> [What you have to do]
What is needed is a copy of each line in the listing that contains "where".

---- Given information

lemma phi_mult_superlevel_measure_le:
  fixes F :: "real \<times> 'n::euclidean_space \<Rightarrow> 'a::real_normed_vector"
    and G :: "real \<times> 'n \<Rightarrow> 'b::real_normed_vector"
  assumes F: "F \<in> borel_measurable lebesgue" and G: "G \<in> borel_measurable lebesgue" and t: "0 < t"
  shows "ennreal (\<phi> t) * superlevel_measure t F G \<le> ennreal (2 * 3 ^ (DIM('n) + 2)) *
    (\<integral>\<^sup>+z. ennreal (\<phi> t / t * (if t / 2 < norm (F z) then norm (F z) else 0)
      + \<phi> t / \<phi>' t * (if \<phi>' t / 2 < norm (G z) then norm (G z) else 0)) \<partial>lebesgue)"
proof -
  define K :: real where "K = 2 * 3 ^ (DIM('n) + 2)"
  define tail_F where "tail_F z = (if t / 2 < norm (F z) then norm (F z) else 0)" for z
  define tail_G where "tail_G z = (if \<phi>' t / 2 < norm (G z) then norm (G z) else 0)" for z
  have tails_meas [measurable]: "tail_F \<in> borel_measurable lebesgue" "tail_G \<in> borel_measurable lebesgue"
    unfolding tail_F_def tail_G_def using F G by measurable
  have tails_nonneg: "0 \<le> tail_F z" "0 \<le> tail_G z" for z
    unfolding tail_F_def tail_G_def by simp_all
  have \<alpha>: "0 < t / \<phi>' t" and pos: "0 < \<phi>' t" "0 \<le> \<phi> t / t" "0 \<le> \<phi> t / \<phi>' t"
    using t Nder_pos[OF t] phi_nonneg[of t] by simp_all
  have "ennreal (\<phi> t / t * t) * emeasure lebesgue {z. ennreal t < maxfn (t / \<phi>' t) F z}
      \<le> ennreal K * (\<integral>\<^sup>+z. ennreal (\<phi> t / t * tail_F z) \<partial>lebesgue)"
    using emeasure_maxfn_gt_le[OF F \<alpha> t] unfolding K_def tail_F_def[symmetric]
    by (rule ennreal_mult_le_nn_integral_scale[OF pos(2) tails_meas(1) tails_nonneg(1)])
  moreover have "ennreal (\<phi> t / \<phi>' t * \<phi>' t) * emeasure lebesgue {z. ennreal (\<phi>' t) < maxfn (t / \<phi>' t) G z}
      \<le> ennreal K * (\<integral>\<^sup>+z. ennreal (\<phi> t / \<phi>' t * tail_G z) \<partial>lebesgue)"
    using emeasure_maxfn_gt_le[OF G \<alpha> pos(1)] unfolding K_def tail_G_def[symmetric]
    by (rule ennreal_mult_le_nn_integral_scale[OF pos(3) tails_meas(2) tails_nonneg(2)])
  ultimately have "ennreal (\<phi> t) * superlevel_measure t F G \<le>
      ennreal K * ((\<integral>\<^sup>+z. ennreal (\<phi> t / t * tail_F z) \<partial>lebesgue) +
        (\<integral>\<^sup>+z. ennreal (\<phi> t / \<phi>' t * tail_G z) \<partial>lebesgue))"
    using t pos(1) unfolding superlevel_measure_def distrib_left by (intro add_mono) simp_all
  also have "(\<integral>\<^sup>+z. ennreal (\<phi> t / t * tail_F z) \<partial>lebesgue) +
        (\<integral>\<^sup>+z. ennreal (\<phi> t / \<phi>' t * tail_G z) \<partial>lebesgue) =
      (\<integral>\<^sup>+z. ennreal (\<phi> t / t * tail_F z) + ennreal (\<phi> t / \<phi>' t * tail_G z) \<partial>lebesgue)"
    by (intro nn_integral_add[symmetric]) measurable
  also have "\<dots> = (\<integral>\<^sup>+z. ennreal (\<phi> t / t * tail_F z + \<phi> t / \<phi>' t * tail_G z) \<partial>lebesgue)"
    using tails_nonneg pos by (intro nn_integral_cong ennreal_plus[symmetric] mult_nonneg_nonneg) auto
  finally show ?thesis
    unfolding K_def tail_F_def tail_G_def .
qed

--------

> [Exercise answer]
  define K :: real where "K = 2 * 3 ^ (DIM('n) + 2)"
  define tail_F where "tail_F z = (if t / 2 < norm (F z) then norm (F z) else 0)" for z
  define tail_G where "tail_G z = (if \<phi>' t / 2 < norm (G z) then norm (G z) else 0)" for z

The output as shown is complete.